Вова в синих драконах или русалках тут же сник и замолчал. Еще через полчаса Вову увели конвойные, только подтвердив предположение мэра о том, что сокамерник был стукачом. Сегодня кент, а завтра – мент.

О «подсадных утках» или «наседках» Несмышляев читал в мемуарах старых большевиков, когда учился на истфаке в университете. Большевики с брезгливостью вспоминали, какими мерзкими способами служители царского режима пытались вызнать у заключенных нужные сведения.

«А ведь, пожалуй, ровным счетом, ничего не изменилось за сто последних лет», – подумал мэр, размышляя о неразрывной связи стукачей и следователей.

В камере было прохладно и обстановка тут не менялась со времен Александра II Освободителя: деревянная лавка, железная раковина, вместо унитаза – дырка в полу. Свободного места в кутузке – два-три метра.

Одиночество не давило на Ивана. Скорее наоборот. Отсутствие сокамерников дарило Несмышляеву возможность спокойно подумать о том, что привело его в камеру изолятора временного содержания и что с ним будет дальше.

«Господи, за что мне такие испытания, и что я тут делаю?» – диапазон богатых дневных размышлений мэра ночью сузился до двух простых вопросов.

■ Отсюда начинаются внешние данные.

(* Let $d\geq1$ and $H=(H_0,\ldots,H_d)\in(0,1)\times(0,\frac34)^d$, and set $H_+:=H_1+\cdots+H_d$. For $\kappa,\varepsilon>0$ and $\eta\in\mathbb R^d$ let $$K_{H,\kappa,\varepsilon}(\eta):=\frac{1}{1+|\eta|^{1+2H_0-2\kappa-2\varepsilon}}\prod_{i=1}^d\frac{1}{|\eta_i|^{2H_i-1}}.$$ Assume $\frac{3d}{4}-\frac12<H_0+H_+\leq d-\frac12$. Then for every $\alpha$ with $\max\big(d-\frac12-(H_0+H_+),\frac{d-1}{4}\big)<\alpha<\frac d4$, there exist $\kappa,\varepsilon>0$ such that $$\int_{\mathbb R^d\times\mathbb R^d}\frac{d\eta\,d\tilde\eta}{\{1+|\eta-\tilde\eta|^2\}^{2\alpha}}\,K_{H,\kappa,\varepsilon}(\eta)\,K_{H,\kappa,\varepsilon}(\tilde\eta)<\infty.$$ *)

theory Defs
  imports "HOL-Analysis.Analysis"
begin

text \<open>The kernel K_{H,kappa,eps}(eta) on R^d, with R^d rendered as real^'n (d = CARD('n)).
  H0 is H_0 and H $ i are H_1..H_d. |eta| is the Euclidean norm.\<close>
definition K_kernel :: "real \<Rightarrow> real^'n \<Rightarrow> real \<Rightarrow> real \<Rightarrow> real^'n \<Rightarrow> real" where
  "K_kernel H0 H \<kappa> \<epsilon> \<eta> =
     (1 / (1 + norm \<eta> powr (1 + 2*H0 - 2*\<kappa> - 2*\<epsilon>))) *
     (\<Prod>i\<in>UNIV. 1 / (\<bar>\<eta> $ i\<bar> powr (2 * H $ i - 1)))"

end

theory Submission
  imports Defs
begin

(*
  Put a = 2 alpha / d. Since |z_i| <= |z|, the weight (1 + |z|^2)^(-2 alpha) is at most the
  product of the one-dimensional weights (1 + z_i^2)^(-a); and for any b_i >= 0 with
  sum b_i = e = 1 + 2 H_0 - 2 kappa - 2 epsilon one has
  1 / (1 + |eta|^e) <= 2^e prod (1 + |eta_i|)^(-b_i).
  The integrand is thus dominated by a product over the coordinates of the functions
  (1 + (x - y)^2)^(-a) f(x) f(y) with f(t) = |t|^s (1 + |t|)^(-b), s = 1 - 2 H_i, and by Tonelli the
  integral factorises. In one dimension the double integral is finite as soon as 0 <= a < 1/2,
  s > -1/2 and a + b - s > 1: where |x - y| < |x|/2 the values f(x) and f(y) are comparable and the
  weight is integrable across the diagonal because 2 a < 1; where |x - y| is large compared with both
  |x| and |y| the weight is at most 8^a ((1 + |x|)(1 + |y|))^(-a), and the integral splits into a
  product of two integrable single integrals. The b_i can be chosen with a + b_i - s_i > 1 precisely
  when sum_i (2 - 2 H_i - a) < e, which holds once kappa + epsilon is small because
  alpha > d - 1/2 - (H_0 + H_+).
*)

lemma powr_le_doubling:
  fixes u v p :: real
  assumes "0 < u" "u \<le> 2 * v" "v \<le> 2 * u"
  shows "v powr p \<le> 2 powr \<bar>p\<bar> * u powr p"
proof (cases "0 \<le> p")
  case True
  have "v powr p \<le> (2 * u) powr p" using assms True by (intro powr_mono2) auto
  then show ?thesis using assms True by (simp add: powr_mult)
next
  case False
  have "v powr p \<le> (u / 2) powr p" using assms False by (intro powr_mono2') auto
  then show ?thesis using assms False by (simp add: powr_divide powr_minus_divide)
qed

lemma nn_integral_even_le:
  fixes g :: "real \<Rightarrow> ennreal"
  assumes [measurable]: "g \<in> borel_measurable borel" and even: "\<And>x. g (- x) = g x"
  shows "(\<integral>\<^sup>+x. g x \<partial>lborel) \<le> 2 * (\<integral>\<^sup>+x. indicator {0..} x * g x \<partial>lborel)"
proof -
  have "(\<integral>\<^sup>+x. g x \<partial>lborel)
      \<le> (\<integral>\<^sup>+x. indicator {0..} x * g x + indicator {0..} (- x) * g (- x) \<partial>lborel)"
    by (intro nn_integral_mono) (auto simp: indicator_def even)
  also have "\<dots> = (\<integral>\<^sup>+x. indicator {0..} x * g x \<partial>lborel)
      + (\<integral>\<^sup>+x. indicator {0..} (- x) * g (- x) \<partial>lborel)"
    by (intro nn_integral_add) auto
  also have "(\<integral>\<^sup>+x. indicator {0..} (- x) * g (- x) \<partial>lborel)
      = (\<integral>\<^sup>+x. indicator {0..} x * g x \<partial>distr lborel borel uminus)"
    by (subst nn_integral_distr) auto
  also have "\<dots> = (\<integral>\<^sup>+x. indicator {0..} x * g x \<partial>lborel)"
    by (simp add: lborel_distr_uminus)
  finally show ?thesis by (simp add: mult_2)
qed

«Может, правда, стоило написать заявление об отставке, как требовал губернатор Секиров, и ночевал бы сегодня у мамы, а не в тюремной камере. И мама, конечно, сегодня не уснет. Как же она переживает за меня дурака…» – терзал себя грустными мыслями заключенный.

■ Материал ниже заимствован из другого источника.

(* Let $n\ge2$ and $l,m\in\mathbb Z_{\ge0}$. An element $\phi\in\mathcal Z_n(l,m)$ is $\mathcal U_q(n-1)$-invariant if and only if it has the form $$\phi=\sum_{j=0}^{\min(l,m)}c_j\,z_n^{\,l-j}w_n^{\,m-j}Q_n^{\,j}\qquad(c_j\in\mathbb C).$$ In particular, the space of $\mathcal U_q(n-1)$-invariant elements of $\mathcal Z_n(l,m)$ has dimension $\min(l,m)+1$.
   Context: Fix $0<q<1$. $\mathcal Z_n$ is the unital complex $*$-algebra generated by $z_1,\dots,z_n,w_1,\dots,w_n$ subject to $z_iz_j=qz_jz_i$ $(i<j)$, $w_jw_i=qw_iw_j$ $(i<j)$, $w_iz_j=qz_jw_i$ $(i\ne j)$, $w_iz_i=z_iw_i+(1-q^2)\sum_{k<i}z_kw_k$, with involution $z_i^*=w_i$. $z^\lambda w^\mu=z_1^{\lambda_1}\cdots z_n^{\lambda_n}w_n^{\mu_n}\cdots w_1^{\mu_1}$ (a basis), $|\lambda|=\sum\lambda_i$, $Q_i=\sum_{k=1}^iz_kw_k$; $\mathcal Z_n(l,m)$ is the span of the $z^\lambda w^\mu$ with $|\lambda|=l,|\mu|=m$. Operators: for $h\in\mathbb Z^n$, $1\le k\le n-1$, unit vectors $\epsilon_i$, $\langle h,\lambda\rangle=\sum h_i\lambda_i$, $[a]_{q^{-2}}=(1-q^{-2a})/(1-q^{-2})$, terms with a negative exponent being $0$: $q^h.z^\lambda w^\mu=q^{\langle h,\lambda-\mu\rangle}z^\lambda w^\mu$; $f_k.z^\lambda w^\mu=-q^{\mu_k+1}[\mu_{k+1}]_{q^{-2}}z^\lambda w^{\mu-\epsilon_{k+1}+\epsilon_k}+q^{\lambda_{k+1}+\mu_k-\mu_{k+1}}[\lambda_k]_{q^{-2}}z^{\lambda-\epsilon_k+\epsilon_{k+1}}w^\mu$; $e_k.z^\lambda w^\mu=-q^{-1}q^{\mu_{k+1}+\lambda_k-\lambda_{k+1}}[\mu_k]_{q^{-2}}z^\lambda w^{\mu+\epsilon_{k+1}-\epsilon_k}+q^{\lambda_k}[\lambda_{k+1}]_{q^{-2}}z^{\lambda+\epsilon_k-\epsilon_{k+1}}w^\mu$. $\phi$ is $\mathcal U_q(n-p)$-invariant if $q^{\epsilon_i}.\phi=\phi$ ($1\le i\le n-p$) and $e_k.\phi=f_k.\phi=0$ ($1\le k\le n-p-1$). *)

theory Defs
  imports Complex_Main
begin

Всю ночь мэр не сомкнул глаз. Только под утро его сморило.

В камере Ивану Несмышляеву поначалу снился прекрасный сон.

Лето. Солнце. Чайки парят над круглым озером. Во сне Ване лет двенадцать, он идет вдоль берега босиком, чтобы в зарослях камыша отыскать удобный выход к воде и занырнуть в озерцо поглубже. Вдруг с криком «Ложись!» с неба падает на землю здоровенная чайка. Раздается взрыв, как в кино про войну, Ваня от страха обхватывает голову руками, а когда открывает глаза, то оказывается в тюремной камере. Сон продолжается.

– А, вот вы уже и встали. Пора-пора, Иван Петрович, – обращается к Ивану во сне молодой человек в арестантской робе. – Разрешите представиться. Я – Желябов. Андрей Иванович, сын крепостного крестьянина. Может, слышали?

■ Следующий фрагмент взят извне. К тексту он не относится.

(* Let $\mathbb{K}$ be a field of characteristic $2$, let $(A,\cdot,\{-,-\},(-)^{\{2\}})$ be a restricted Poisson algebra, let $k\ge1$, and let $(A^t_k,\cdot,\mu_{(k)},\omega_{(k)})$ and $(A^t_k,\cdot,\mu'_{(k)},\omega'_{(k)})$ be two equivalent formal deformations of order $k$ of $A$, with first-order terms $(\mu_1,\omega_1)$ and $(\mu'_1,\omega'_1)$ respectively. Then $(\mu_1,\omega_1)$ and $(\mu_1',\omega_1')$ define the same class in $\mathrm{H}^2_{\rm PA}(A)$.
   Context: $\mathbb{K}$ has characteristic $2$. Restricted Poisson algebra: commutative associative $(A,\cdot)$ with Lie bracket satisfying $\{ab,c\}=a\{b,c\}+b\{a,c\}$, and a map $(-)^{\{2\}}$ with $(\lambda x)^{\{2\}}=\lambda^2x^{\{2\}}$, $\mathrm{ad}_{x^{\{2\}}}=\mathrm{ad}_x^2$, $(x+y)^{\{2\}}=x^{\{2\}}+y^{\{2\}}+\{x,y\}$, $(xy)^{\{2\}}=x^2y^{\{2\}}+y^2x^{\{2\}}+xy\{x,y\}$. $\mathfrak{X}^n(A)$: alternating $n$-linear maps $A^n\to A$ that are derivations of $\cdot$ in each argument. $C^1_{\rm PA}(A)=\mathfrak{X}^1(A)$. $C^2_{\rm PA}(A)$: pairs $(\varphi,\omega)$, $\varphi\in\mathfrak{X}^2(A)$, $\omega:A\to A$ with $\omega(\lambda x)=\lambda^2\omega(x)$, $\omega(x+y)=\omega(x)+\omega(y)+\varphi(x,y)$, $\omega(xy)=x^2\omega(y)+y^2\omega(x)+xy\varphi(x,y)$. $\mathrm{d}^1\psi=(\mathrm{d}_{\rm CE}\psi,\delta^1\psi)$ with $\mathrm{d}_{\rm CE}\psi(x,y)=\psi(\{x,y\})+\{x,\psi(y)\}+\{y,\psi(x)\}$ and $\delta^1\psi(x)=\psi(x^{\{2\}})+\{x,\psi(x)\}$; $\mathrm{d}^2(\varphi,\omega)=(\mathrm{d}_{\rm CE}\varphi,\delta^2\omega)$ with $\mathrm{d}_{\rm CE}\varphi(x,y,z)=\varphi(\{x,y\},z)+\varphi(\{x,z\},y)+\varphi(\{y,z\},x)+\{x,\varphi(y,z)\}+\{y,\varphi(x,z)\}+\{z,\varphi(x,y)\}$, $\delta^2\omega(x,z)=\{x,\varphi(x,z)\}+\{z,\omega(x)\}+\varphi(x^{\{2\}},z)+\varphi(\{x,z\},x)$. $\mathrm{H}^2_{\rm PA}(A)=\ker\mathrm{d}^2/\mathrm{im}\,\mathrm{d}^1$. $\mathbb{K}^t_k=\mathbb{K}[t]/(t^{k+1})$, $A^t_k=A\otimes\mathbb{K}^t_k$. A formal deformation of order $k$: $\mu_{(k)}=\{-,-\}+\sum_{i=1}^kt^i\mu_i$, $\omega_{(k)}=(-)^{\{2\}}+\sum_{i=1}^kt^i\omega_i$ with $(\mu_i,\omega_i)\in C^2_{\rm PA}(A)$ such that $(A^t_k,\mu_{(k)},\omega_{(k)})$ is a restricted Lie algebra over $\mathbb{K}^t_k$ ($\mu$ extended bilinearly, $\omega$ extended by $\omega(\lambda X)=\lambda^2\omega(X)$, $\omega(X+Y)=\omega(X)+\omega(Y)+\mu(X,Y)$). Two such deformations are equivalent if there is an isomorphism of restricted Poisson algebras (preserving $\cdot$, the brackets and the 2-maps) between them of the form $\Psi=\mathrm{id}+\sum_{i\ge1}t^i\psi_i$ with $\psi_i:A\to A$ linear (extended $\mathbb{K}^t_k$-linearly). *)

theory Defs
  imports Complex_Main
begin

text \<open>Elements of A^t_k = A \<otimes> K[t]/(t^(k+1)) are
 represented by their coefficient sequences nat \<Rightarrow> 'a, vanishing above degree k;
 elements of K^t_k likewise by nat \<Rightarrow> 'k.\<close>

definition bilinear_map :: "('k::field \<Rightarrow> 'a::ab_group_add \<Rightarrow> 'a) \<Rightarrow> ('a \<Rightarrow> 'a \<Rightarrow> 'a) \<Rightarrow> bool" where
  "bilinear_map sc f \<longleftrightarrow>
     (\<forall>x. Vector_Spaces.linear sc sc (f x)) \<and> (\<forall>y. Vector_Spaces.linear sc sc (\<lambda>x. f x y))"

definition restricted_poisson_algebra ::
  "('k::field \<Rightarrow> 'a::ab_group_add \<Rightarrow> 'a) \<Rightarrow> ('a \<Rightarrow> 'a \<Rightarrow> 'a) \<Rightarrow> ('a \<Rightarrow> 'a \<Rightarrow> 'a) \<Rightarrow> ('a \<Rightarrow> 'a) \<Rightarrow> bool" where
  "restricted_poisson_algebra sc mul br sq \<longleftrightarrow>
     vector_space sc \<and>
     bilinear_map sc mul \<and>
     (\<forall>a b c. mul (mul a b) c = mul a (mul b c)) \<and>
     (\<forall>a b. mul a b = mul b a) \<and>
     bilinear_map sc br \<and>
     (\<forall>x. br x x = 0) \<and>
     (\<forall>x y z. br x (br y z) + br y (br z x) + br z (br x y) = 0) \<and>
     (\<forall>a b c. br (mul a b) c = mul a (br b c) + mul b (br a c)) \<and>
     (\<forall>l x. sq (sc l x) = sc (l * l) (sq x)) \<and>
     (\<forall>x y. br (sq x) y = br x (br x y)) \<and>
     (\<forall>x y. sq (x + y) = sq x + sq y + br x y) \<and>
     (\<forall>x y. sq (mul x y) = mul (mul x x) (sq y) + mul (mul y y) (sq x) + mul (mul x y) (br x y))"

definition X1 :: "('k::field \<Rightarrow> 'a::ab_group_add \<Rightarrow> 'a) \<Rightarrow> ('a \<Rightarrow> 'a \<Rightarrow> 'a) \<Rightarrow> ('a \<Rightarrow> 'a) \<Rightarrow> bool" where
  "X1 sc mul \<psi> \<longleftrightarrow> Vector_Spaces.linear sc sc \<psi> \<and> (\<forall>a b. \<psi> (mul a b) = mul a (\<psi> b) + mul b (\<psi> a))"

definition X2 :: "('k::field \<Rightarrow> 'a::ab_group_add \<Rightarrow> 'a) \<Rightarrow> ('a \<Rightarrow> 'a \<Rightarrow> 'a) \<Rightarrow> ('a \<Rightarrow> 'a \<Rightarrow> 'a) \<Rightarrow> bool" where
  "X2 sc mul \<phi> \<longleftrightarrow> bilinear_map sc \<phi> \<and> (\<forall>x. \<phi> x x = 0) \<and>
     (\<forall>a b c. \<phi> (mul a b) c = mul a (\<phi> b c) + mul b (\<phi> a c)) \<and>
     (\<forall>a b c. \<phi> c (mul a b) = mul a (\<phi> c b) + mul b (\<phi> c a))"

definition C2 :: "('k::field \<Rightarrow> 'a::ab_group_add \<Rightarrow> 'a) \<Rightarrow> ('a \<Rightarrow> 'a \<Rightarrow> 'a) \<Rightarrow> ('a \<Rightarrow> 'a \<Rightarrow> 'a) \<Rightarrow> ('a \<Rightarrow> 'a) \<Rightarrow> bool" where
  "C2 sc mul \<phi> \<omega> \<longleftrightarrow> X2 sc mul \<phi> \<and>
     (\<forall>l x. \<omega> (sc l x) = sc (l * l) (\<omega> x)) \<and>
     (\<forall>x y. \<omega> (x + y) = \<omega> x + \<omega> y + \<phi> x y) \<and>
     (\<forall>x y. \<omega> (mul x y) = mul (mul x x) (\<omega> y) + mul (mul y y) (\<omega> x) + mul (mul x y) (\<phi> x y))"

definition dCE1 :: "('a::ab_group_add \<Rightarrow> 'a \<Rightarrow> 'a) \<Rightarrow> ('a \<Rightarrow> 'a) \<Rightarrow> 'a \<Rightarrow> 'a \<Rightarrow> 'a" where
  "dCE1 br \<psi> x y = \<psi> (br x y) + br x (\<psi> y) + br y (\<psi> x)"

definition delta1 :: "('a::ab_group_add \<Rightarrow> 'a \<Rightarrow> 'a) \<Rightarrow> ('a \<Rightarrow> 'a) \<Rightarrow> ('a \<Rightarrow> 'a) \<Rightarrow> 'a \<Rightarrow> 'a" where
  "delta1 br sq \<psi> x = \<psi> (sq x) + br x (\<psi> x)"

definition dCE2 :: "('a::ab_group_add \<Rightarrow> 'a \<Rightarrow> 'a) \<Rightarrow> ('a \<Rightarrow> 'a \<Rightarrow> 'a) \<Rightarrow> 'a \<Rightarrow> 'a \<Rightarrow> 'a \<Rightarrow> 'a" where
  "dCE2 br \<phi> x y z = \<phi> (br x y) z + \<phi> (br x z) y + \<phi> (br y z) x
      + br x (\<phi> y z) + br y (\<phi> x z) + br z (\<phi> x y)"

definition delta2 :: "('a::ab_group_add \<Rightarrow> 'a \<Rightarrow> 'a) \<Rightarrow> ('a \<Rightarrow> 'a) \<Rightarrow> ('a \<Rightarrow> 'a \<Rightarrow> 'a) \<Rightarrow> ('a \<Rightarrow> 'a) \<Rightarrow> 'a \<Rightarrow> 'a \<Rightarrow> 'a" where
  "delta2 br sq \<phi> \<omega> x z = br x (\<phi> x z) + br z (\<omega> x) + \<phi> (sq x) z + \<phi> (br x z) x"

definition cocycle2 :: "('k::field \<Rightarrow> 'a::ab_group_add \<Rightarrow> 'a) \<Rightarrow> ('a \<Rightarrow> 'a \<Rightarrow> 'a) \<Rightarrow> ('a \<Rightarrow> 'a \<Rightarrow> 'a) \<Rightarrow> ('a \<Rightarrow> 'a)
      \<Rightarrow> ('a \<Rightarrow> 'a \<Rightarrow> 'a) \<Rightarrow> ('a \<Rightarrow> 'a) \<Rightarrow> bool" where
  "cocycle2 sc mul br sq \<phi> \<omega> \<longleftrightarrow> C2 sc mul \<phi> \<omega> \<and>
     (\<forall>x y z. dCE2 br \<phi> x y z = 0) \<and> (\<forall>x z. delta2 br sq \<phi> \<omega> x z = 0)"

– Как же не слышал. Вы один из лидеров «Народной воли», бомбист, цареубийца. Я же диплом писал в университете про вашу террористическую организацию. Только вас повесили после смертоубийства царя, а, значит, вы не существуете, – уверенно, как у доски на уроке, ответил Иван.

– Это еще как посмотреть, дорогой мой Иван Петрович. Наши идеи-то живы! Они никогда не умрут. Потому как борьба за Свободу, Равенство и Братство народов – святая обязанность всех передовых людей каждого поколения, – гордо ответил дух цареубийцы Желябова. – Скажите честно, ведь вы же с нами заодно, Иван Петрович? Хоть вы и сын сатрапа, конечно, но ничего нет плохого в вашем происхождении. Вон, Софочка Перовская – настоящая дочь губернатора, а руководила наблюдательным отрядом при покушении на окаянного душителя свобод Александра II.

– Да вы с ума сошли, господин Желябов. Несете какой-то бред. Отца у меня нет, и террористом я никогда не буду, – обиженно сказал Иван. – И я не сын раба, в отличие от вас, я мэр города Л.

– Тогда вас посадят как коррупционера, – покачал головой бомбист Желябов. – Потому что вы дурак, а теперь еще и лишены власти. Полный stultus! Кажется, так на латыни называли вас ваши товарищи в университете…

На том дурацкий сон Несмышляева кончился. В камере изолятора и не такое приснится.

Спал Иван недолго, а поднявшись с деревянного лежбища, удивился тому, что совершенно не хочет есть. Аппетит пропал, хотя не ел он больше суток.

«А вот от кофе я бы сейчас не отказался», – подумал Иван Петрович после умывания в камере холодной водой.

Несмышляев мог провести в изоляторе и 48 часов, но нет. Мэра повезли в Горсуд через пару часов после его первой побудки в камере.

В зале, где проходило судебное заседание, страдающий с похмелья следователь Чеботарев зачитал ходатайство о применении меры пресечения в виде заключения под стражу гражданина Несмышляева.

Худой, как восклицательный знак, старый прокурор с засаленными жиденькими волосами Кирилл Святославович Дозоров ходатайство поддержал. Далее слово дали подозреваемому.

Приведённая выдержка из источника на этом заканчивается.